ACTIVITY:
Filter these entries, keeping only lines that hold the word "else".

DATA SUPPLIED:

lemma sum_Ksubsets_g_w_block_update_le:
  fixes R K :: nat and F :: "nat \<Rightarrow> 'n::finite set \<Rightarrow> real" and w :: "'n \<Rightarrow> real"
  assumes F0: "\<forall>r<R. F r {} = 0"
    and w: "\<forall>i. 0 < w i" and K: "1 \<le> K" "K \<le> R" and R2: "2 \<le> R"
    and yB: "y \<in> prod_base R F" and TB: "\<forall>r<R. T r \<in> base_polytope (F r)"
  shows "(\<Sum>C\<in>Ksubsets R K. g_w R w (\<lambda>r. if r \<in> C then T r else y r))
     \<le> real (card (Ksubsets R K)) * (g_w R w y + real K / real R *
         ((\<Sum>r<R. \<Sum>i\<in>UNIV. grad_r R w y i * (T r i - y r i))
          + (1/2) * (\<Sum>r<R. \<Sum>i\<in>UNIV. eso_weights R K F w i * (T r i - y r i)\<^sup>2)))"
proof -
  define N where "N = real (card (Ksubsets R K))"
  define p where "p = real K / real R"
  define G where "G r = (\<Sum>i\<in>UNIV. grad_r R w y i * (T r i - y r i))" for r
  define Q where "Q i = (\<Sum>C\<in>Ksubsets R K. (\<Sum>r<R. if r \<in> C then T r i - y r i else 0)\<^sup>2)" for i
  have "(\<Sum>C\<in>Ksubsets R K. g_w R w (\<lambda>r. if r \<in> C then T r else y r))
      = N * g_w R w y + (\<Sum>C\<in>Ksubsets R K. \<Sum>r<R. if r \<in> C then G r else 0)
        + (1/2) * (\<Sum>i\<in>UNIV. inverse (w i) * Q i)"
    unfolding g_w_block_update[OF w] Q_def G_def
    by (simp add: sum.distrib sum_distrib_left N_def sum.swap[of _ "Ksubsets R K"])
  also have "(\<Sum>C\<in>Ksubsets R K. \<Sum>r<R. if r \<in> C then G r else 0) = p * N * (\<Sum>r<R. G r)"
    unfolding p_def N_def by (rule sum_Ksubsets_sum_mem[OF K(1)])
  finally have eq: "(\<Sum>C\<in>Ksubsets R K. g_w R w (\<lambda>r. if r \<in> C then T r else y r))
      = N * g_w R w y + p * N * (\<Sum>r<R. G r) + (1/2) * (\<Sum>i\<in>UNIV. inverse (w i) * Q i)" .
  have "(\<Sum>i\<in>UNIV. inverse (w i) * Q i)
      \<le> (\<Sum>i\<in>UNIV. N * p * (\<Sum>r<R. eso_weights R K F w i * (T r i - y r i)\<^sup>2))"
  proof (rule sum_mono)
    fix i
    have "inverse (w i) * Q i \<le> inverse (w i) * (N * p *
        (((real K - 1) / (real R - 1) * real (mu R F i) + (real R - real K) / (real R - 1))
          * (\<Sum>r<R. (T r i - y r i)\<^sup>2)))"
      using sum_Ksubsets_block_update_sq_le[OF F0 K R2 yB TB, of i] w
      unfolding Q_def N_def p_def by (intro mult_left_mono) (auto simp: less_imp_le)
    then show "inverse (w i) * Q i \<le> N * p * (\<Sum>r<R. eso_weights R K F w i * (T r i - y r i)\<^sup>2)"
      by (simp add: eso_weights_def sum_distrib_right sum_distrib_left ac_simps)
  qed
  also have "\<dots> = N * p * (\<Sum>r<R. \<Sum>i\<in>UNIV. eso_weights R K F w i * (T r i - y r i)\<^sup>2)"
    by (subst sum.swap) (simp add: sum_distrib_left)
  finally show ?thesis
    unfolding eq by (simp add: N_def p_def G_def algebra_simps)
qed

TASK ANSWER:
  shows "(\<Sum>C\<in>Ksubsets R K. g_w R w (\<lambda>r. if r \<in> C then T r else y r))
  define Q where "Q i = (\<Sum>C\<in>Ksubsets R K. (\<Sum>r<R. if r \<in> C then T r i - y r i else 0)\<^sup>2)" for i
  have "(\<Sum>C\<in>Ksubsets R K. g_w R w (\<lambda>r. if r \<in> C then T r else y r))
      = N * g_w R w y + (\<Sum>C\<in>Ksubsets R K. \<Sum>r<R. if r \<in> C then G r else 0)
  also have "(\<Sum>C\<in>Ksubsets R K. \<Sum>r<R. if r \<in> C then G r else 0) = p * N * (\<Sum>r<R. G r)"
  finally have eq: "(\<Sum>C\<in>Ksubsets R K. g_w R w (\<lambda>r. if r \<in> C then T r else y r))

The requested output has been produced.